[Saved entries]
[Start of section]

definition mono :: "('o, 'a) cat \<Rightarrow> 'a \<Rightarrow> bool" where
  "mono C m \<longleftrightarrow> m \<in> Arr C \<and>
     (\<forall>g h W. hom C g W (Dom C m) \<longrightarrow> hom C h W (Dom C m) \<longrightarrow>
        Comp C m g = Comp C m h \<longrightarrow> g = h)"

text \<open>w \<in>_S A : w factors through the mono m representing the subobject A.\<close>

definition member :: "('o, 'a) cat \<Rightarrow> 'a \<Rightarrow> 'a \<Rightarrow> bool" where
  "member C w m \<longleftrightarrow> (\<exists>u. hom C u (Dom C w) (Dom C m) \<and> Comp C m u = w)"

definition majority_category :: "('o, 'a) cat \<Rightarrow> bool" where
  "majority_category C \<longleftrightarrow> category C \<and> has_finite_products C \<and>
     (\<forall>X Y Z P ps m. X \<in> Obj C \<longrightarrow> Y \<in> Obj C \<longrightarrow> Z \<in> Obj C \<longrightarrow>
        is_product C [X, Y, Z] P ps \<longrightarrow> mono C m \<longrightarrow> Cod C m = P \<longrightarrow>
        (\<forall>S x x' y y' z z'. S \<in> Obj C \<longrightarrow>
           hom C x S X \<longrightarrow> hom C x' S X \<longrightarrow> hom C y S Y \<longrightarrow> hom C y' S Y \<longrightarrow>
           hom C z S Z \<longrightarrow> hom C z' S Z \<longrightarrow>
           member C (tuple C S P ps [x, y, z']) m \<longrightarrow>
           member C (tuple C S P ps [x, y', z]) m \<longrightarrow>
           member C (tuple C S P ps [x', y, z]) m \<longrightarrow>
           member C (tuple C S P ps [x, y, z]) m))"

end

theory Submission
  imports Defs
begin

text \<open>The product A1 x ... x An embeds monomorphically (indeed isomorphically) into the
ternary product A1 x A2 x (A3 x ... x An) by a regrouping arrow k. Composing the mono
representing R with k gives a ternary relation, and membership of a generalized element t
in R is equivalent to membership of k o t in this ternary relation. The three hypotheses
become the three premises of the majority property, with the components a3, ..., an
bundled into a single generalized element of A3 x ... x An, and the conclusion transfers
back along k.\<close>

lemma hom_comp:
  "category C \<Longrightarrow> hom C f X Y \<Longrightarrow> hom C g Y Z \<Longrightarrow> hom C (Comp C g f) X Z"
  unfolding category_def by blast

lemma comp_assoc:
  "category C \<Longrightarrow> hom C f W X \<Longrightarrow> hom C g X Y \<Longrightarrow> hom C h Y Z \<Longrightarrow>
   Comp C h (Comp C g f) = Comp C (Comp C h g) f"
  unfolding category_def by blast

lemma hom_in_Obj: "category C \<Longrightarrow> hom C f X Y \<Longrightarrow> X \<in> Obj C \<and> Y \<in> Obj C"
  unfolding category_def hom_def by blast
(* For every integer $a\geq 2$, $$\sigma(2a-1,2)=-a\,2^{2a-1}\lambda(2a+1)+\frac{2^{2a-1}(2a+1)}{3}\lambda(2)\lambda(2a-1)+\sum_{j=1}^{a-2}j\,2^{2j}\lambda(2j+1)\zeta(2a-2j),$$ where an empty sum equals $0$.
   Context: For integers $t\geq 1$ and $n\geq 1$ let $S_n^{(t)}=\sum_{k=1}^{n}\frac{1}{(2k-1)^t}$, and for integers $s\geq 2$, $t\geq 1$ let $\sigma(s,t)=\sum_{n\geq 1}\frac{S_n^{(t)}}{n^s}$. For real $s>1$, $\lambda(s)=\sum_{n\geq 1}\frac{1}{(2n-1)^s}=(1-2^{-s})\zeta(s)$, and $\zeta$ is the Riemann zeta function. *)

theory Defs
  imports "HOL-Analysis.Analysis"
begin

definition zeta :: "real \<Rightarrow> real" where
  "zeta s = (\<Sum>n. 1 / (real (Suc n)) powr s)"

text \<open>lambda(s) = sum over odd n of n^(-s) = (1 - 2^(-s)) zeta(s).\<close>
definition dlambda :: "real \<Rightarrow> real" where
  "dlambda s = (\<Sum>n. 1 / (2 * real n + 1) powr s)"

definition S_odd :: "nat \<Rightarrow> nat \<Rightarrow> real" where
  "S_odd t n = (\<Sum>k=1..n. 1 / (2 * real k - 1) ^ t)"

definition sigma :: "nat \<Rightarrow> nat \<Rightarrow> real" where
  "sigma s t = (\<Sum>n. S_odd t (Suc n) / real (Suc n) ^ s)"

end

theory Submission
  imports Defs
begin

text \<open>
  For n \<ge> 1 and odd p = 2m+1 the shifted odd squares sum to
  sum_m 1/(p-2n)^2 = lambda(2) + S_n and sum_m 1/(p+2n)^2 = lambda(2) - S_n, with S_n = S_n^(2).
  Hence 2 sigma(s,2) is the double sum over m and n of the kernel
  1/((p-2n)^2 n^s) - 1/((p+2n)^2 n^s), and since both parts have nonnegative terms the
  order of summation may be exchanged. For s = 2b+1, partial fractions in n express the
  kernel through the powers n^(-2k), which sum to zeta values, the squares 1/(2n+p)^2 and
  1/(2n-p)^2, which together sum to 2 lambda(2) - 1/p^2, and the differences
  1/(2n+p) - 1/(2n-p), which telescope to -1/p. Summing over odd p then yields lambda values,
  and zeta(2) = 4 lambda(2)/3 gives the stated form.
\<close>

lemma sums_swap_nonneg:
  fixes h :: "nat \<Rightarrow> nat \<Rightarrow> real"
  assumes nonneg: "\<And>n m. 0 \<le> h n m" and rows: "\<And>n. h n sums r n" and "summable r"
  shows "summable (\<lambda>n. h n m)" and "(\<lambda>m. \<Sum>n. h n m) sums suminf r"
proof -
  have rows_has_sum: "(h n has_sum r n) UNIV" for n
    using sums_nonneg_imp_has_sum[OF rows] nonneg by auto
  have "0 \<le> r n" for n
    using rows[of n] nonneg by (metis sums_unique suminf_nonneg sums_summable)
  then have r_has_sum: "(r has_sum suminf r) UNIV"
    using sums_nonneg_imp_has_sum \<open>summable r\<close> summable_sums by blast
  have "(\<lambda>(n,m). h n m) summable_on UNIV \<times> UNIV"
    by (rule summable_on_SigmaI[where g=r])
      (use rows_has_sum r_has_sum nonneg in \<open>auto simp: summable_on_def\<close>)
  then have "((\<lambda>(n,m). h n m) has_sum suminf r) (UNIV \<times> UNIV)"
    by (intro has_sum_SigmaI[where g=r]) (use rows_has_sum r_has_sum in auto)
  then have swapped: "((\<lambda>(m,n). h n m) has_sum suminf r) (UNIV \<times> UNIV)"
    using has_sum_swap[where f="\<lambda>(n,m). h n m" and A=UNIV and B=UNIV]
    by (simp add: case_prod_unfold)
  have columns: "(\<lambda>n. h n m) summable_on UNIV" for m
    using summable_on_SigmaD1[of "\<lambda>m n. h n m" UNIV "\<lambda>_. UNIV" m] swapped
    by (auto simp: summable_on_def)
  then show "summable (\<lambda>n. h n m)" for m
    by (rule summable_on_imp_summable)
  have "((\<lambda>n. h n m) has_sum (\<Sum>n. h n m)) UNIV" for m
    using columns[of m] has_sum_imp_sums sums_unique
    by (metis summable_iff_has_sum_infsum)
  then have "((\<lambda>m. \<Sum>n. h n m) has_sum suminf r) UNIV"
    by (intro has_sum_SigmaD[OF swapped[unfolded Sigma_def[symmetric]]]) auto
  then show "(\<lambda>m. \<Sum>n. h n m) sums suminf r"
    by (rule has_sum_imp_sums)
qed
lemma inertial_bregman_step_descent:
  fixes \<theta> :: "'c::real_inner \<Rightarrow> ereal"
  assumes step: "xp \<in> bregman_prox (\<lambda>u. \<theta> u + ereal (f u)) \<tau> \<psi> g\<psi> x t"
    and kernel: "strongly_convex_mod \<rho> \<psi>" "GDERIV \<psi> x :> g\<psi> x"
    and smooth: "\<And>u. GDERIV g u :> G u" "L-lipschitz_on UNIV G"
    and step_size: "\<tau> * (\<rho> - \<alpha>) = (1 + \<epsilon>) * \<delta> + (1 + \<beta>) * L"
      "L * \<beta> + \<tau> * \<alpha> \<le> (1 - \<epsilon>) * \<delta>" "0 \<le> \<tau>" "0 \<le> \<alpha>" "0 \<le> \<beta>"
    and inertia: "y = x + \<alpha> *\<^sub>R (x - xm)" "z = x + \<beta> *\<^sub>R (x - xm)" "t = - G z - \<tau> *\<^sub>R (y - x)"
  shows "\<theta> xp + ereal (f xp - g xp + \<delta> / 2 * (norm (xp - x))\<^sup>2
           + \<epsilon> * \<delta> / 2 * ((norm (xp - x))\<^sup>2 + (norm (x - xm))\<^sup>2))
     \<le> \<theta> x + ereal (f x - g x + \<delta> / 2 * (norm (x - xm))\<^sup>2)"
proof -
  have prox: "\<theta> xp + ereal (f xp) + ereal (inner xp t + \<tau> * bregman \<psi> g\<psi> xp x)
      \<le> \<theta> x + ereal (f x) + ereal (inner x t)"
    using bregman_prox_le_center[OF step] by (simp add: add.assoc)
  consider "\<theta> xp = -\<infinity> \<or> \<theta> x = \<infinity>" | T1 T0 where "\<theta> xp = ereal T1" "\<theta> x = ereal T0"
    using prox by (cases "\<theta> xp"; cases "\<theta> x") auto
  then show ?thesis
  proof cases
    case 1
    then show ?thesis by auto
  next
    case (2 T1 T0)
    define d m where "d = xp - x" and "m = x - xm"
    define a b where "a = (norm d)\<^sup>2" and "b = (norm m)\<^sup>2"
    define P where "P = L * \<beta> + \<tau> * \<alpha>"
    have z: "z = x + \<beta> *\<^sub>R m"
      by (simp add: inertia(2) m_def)
    have "T1 + f xp + \<tau> * bregman \<psi> g\<psi> xp x \<le> T0 + f x - inner d t"
      using prox 2 by (simp add: d_def inner_diff_left)
    moreover have "inner d t = - inner d (G z) - \<tau> * \<alpha> * inner d m"
      by (simp add: inertia(1,3) m_def inner_diff_right)
    moreover have "g x + inner d (G x) - L / 2 * a \<le> g xp"
      using lipschitz_gradient_lower_bound[OF smooth, of x xp] by (simp add: a_def d_def inner_commute)
    ultimately have "T1 + f xp - g xp - (T0 + f x - g x)
        \<le> inner d (G z) - inner d (G x) + \<tau> * \<alpha> * inner d m - \<tau> * bregman \<psi> g\<psi> xp x + L / 2 * a"
      by linarith
    also have "\<dots> \<le> P / 2 * (a + b) - \<tau> * (\<rho> / 2 * a) + L / 2 * a"
    proof -
      have "inner d (G z) - inner d (G x) + \<tau> * \<alpha> * inner d m \<le> P / 2 * (a + b)"
        using inertial_cross_term_le[OF smooth(2)] step_size(3-5)
        by (simp add: z P_def a_def b_def inner_diff_right)
      moreover have "\<tau> * (\<rho> / 2 * a) \<le> \<tau> * bregman \<psi> g\<psi> xp x"
        using bregman_ge_strongly_convex[where g = g\<psi>, OF kernel] \<open>0 \<le> \<tau>\<close>
        by (intro mult_left_mono) (auto simp: a_def d_def)
      ultimately show ?thesis
        by linarith
    qed
    also have "\<dots> = - (1 + \<epsilon>) * \<delta> / 2 * a + P / 2 * b"
    proof -
      from step_size(1) have "\<tau> * \<rho> * a = ((1 + \<epsilon>) * \<delta> + (1 + \<beta>) * L + \<tau> * \<alpha>) * a"
        by (simp add: algebra_simps)
      then show ?thesis
        by (simp add: P_def field_simps)
    qed
    also have "\<dots> \<le> - (1 + \<epsilon>) * \<delta> / 2 * a + (1 - \<epsilon>) * \<delta> / 2 * b"
      using step_size(2) by (auto intro!: mult_right_mono simp: P_def b_def)
    finally show ?thesis
      using 2 by (simp add: a_def b_def d_def m_def field_simps)
  qed
qed

lemma inertial_step_size_conditions:
  fixes \<rho> \<epsilon> \<alpha> \<alpha>b \<beta> \<beta>b L lp \<delta> \<tau> :: real
  assumes "0 < \<rho>" "0 < \<epsilon>" "0 \<le> \<alpha>" "\<alpha> \<le> \<alpha>b" "\<alpha>b < (1 - \<epsilon>) * \<rho> / 2"
    and "0 \<le> \<beta>" "\<beta> \<le> \<beta>b" "0 < \<beta>b" "0 \<le> L" "L \<le> lp" "0 < lp"
    and \<delta>: "\<delta> = (\<alpha>b + \<beta>b * \<rho>) / ((1 - \<epsilon>) * \<rho> - 2 * \<alpha>b) * lp"
    and \<tau>: "\<tau> = ((1 + \<epsilon>) * \<delta> + (1 + \<beta>) * L) / (\<rho> - \<alpha>)"
  shows "0 < \<delta>" "\<tau> * (\<rho> - \<alpha>) = (1 + \<epsilon>) * \<delta> + (1 + \<beta>) * L"
    "L * \<beta> + \<tau> * \<alpha> \<le> (1 - \<epsilon>) * \<delta>" "0 \<le> \<tau>"
proof -
  have gap: "0 < (1 - \<epsilon>) * \<rho> - 2 * \<alpha>b"
    using assms(5) by simp
  have "\<epsilon> * \<rho> > 0"
    using assms(1,2) by simp
  then have "\<rho> - \<alpha> > 0"
    using assms(3-5) by (simp add: algebra_simps)
  show \<delta>_pos: "0 < \<delta>"
    unfolding \<delta> using assms(1,3,4,8,11) gap by (intro mult_pos_pos divide_pos_pos add_nonneg_pos) auto
  show \<tau>_eq: "\<tau> * (\<rho> - \<alpha>) = (1 + \<epsilon>) * \<delta> + (1 + \<beta>) * L"
    using \<tau> \<open>\<rho> - \<alpha> > 0\<close> by simp
  show "0 \<le> \<tau>"
    unfolding \<tau> using \<open>\<rho> - \<alpha> > 0\<close> \<delta>_pos assms(2,6,9) by simp
  have "L * (\<beta> * \<rho> + \<alpha>) \<le> lp * (\<beta>b * \<rho> + \<alpha>b)"
    using assms by (intro mult_mono add_mono mult_right_mono) auto
  also have "\<dots> = \<delta> * ((1 - \<epsilon>) * \<rho> - 2 * \<alpha>b)"
    unfolding \<delta> using gap by simp
  also have "\<dots> \<le> \<delta> * ((1 - \<epsilon>) * \<rho> - 2 * \<alpha>)"
    using \<delta>_pos assms(4) by simp
  finally have "L * (\<beta> * \<rho> + \<alpha>) \<le> \<delta> * ((1 - \<epsilon>) * \<rho> - 2 * \<alpha>)" .
  then have "(L * \<beta> + \<tau> * \<alpha>) * (\<rho> - \<alpha>) \<le> (1 - \<epsilon>) * \<delta> * (\<rho> - \<alpha>)"
    using \<tau>_eq by (simp add: algebra_simps)
  then show "L * \<beta> + \<tau> * \<alpha> \<le> (1 - \<epsilon>) * \<delta>"
    using \<open>\<rho> - \<alpha> > 0\<close> by simp
qed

[End of section]

- THE PROBLEM
Your answer must be the data above, copied exactly from its first line through the line containing "(\<forall>X Y Z", and nothing more.

- RESPONSE FOR THIS EXERCISE
definition mono :: "('o, 'a) cat \<Rightarrow> 'a \<Rightarrow> bool" where
  "mono C m \<longleftrightarrow> m \<in> Arr C \<and>
     (\<forall>g h W. hom C g W (Dom C m) \<longrightarrow> hom C h W (Dom C m) \<longrightarrow>
        Comp C m g = Comp C m h \<longrightarrow> g = h)"

text \<open>w \<in>_S A : w factors through the mono m representing the subobject A.\<close>

definition member :: "('o, 'a) cat \<Rightarrow> 'a \<Rightarrow> 'a \<Rightarrow> bool" where
  "member C w m \<longleftrightarrow> (\<exists>u. hom C u (Dom C w) (Dom C m) \<and> Comp C m u = w)"

definition majority_category :: "('o, 'a) cat \<Rightarrow> bool" where
  "majority_category C \<longleftrightarrow> category C \<and> has_finite_products C \<and>
     (\<forall>X Y Z P ps m. X \<in> Obj C \<longrightarrow> Y \<in> Obj C \<longrightarrow> Z \<in> Obj C \<longrightarrow>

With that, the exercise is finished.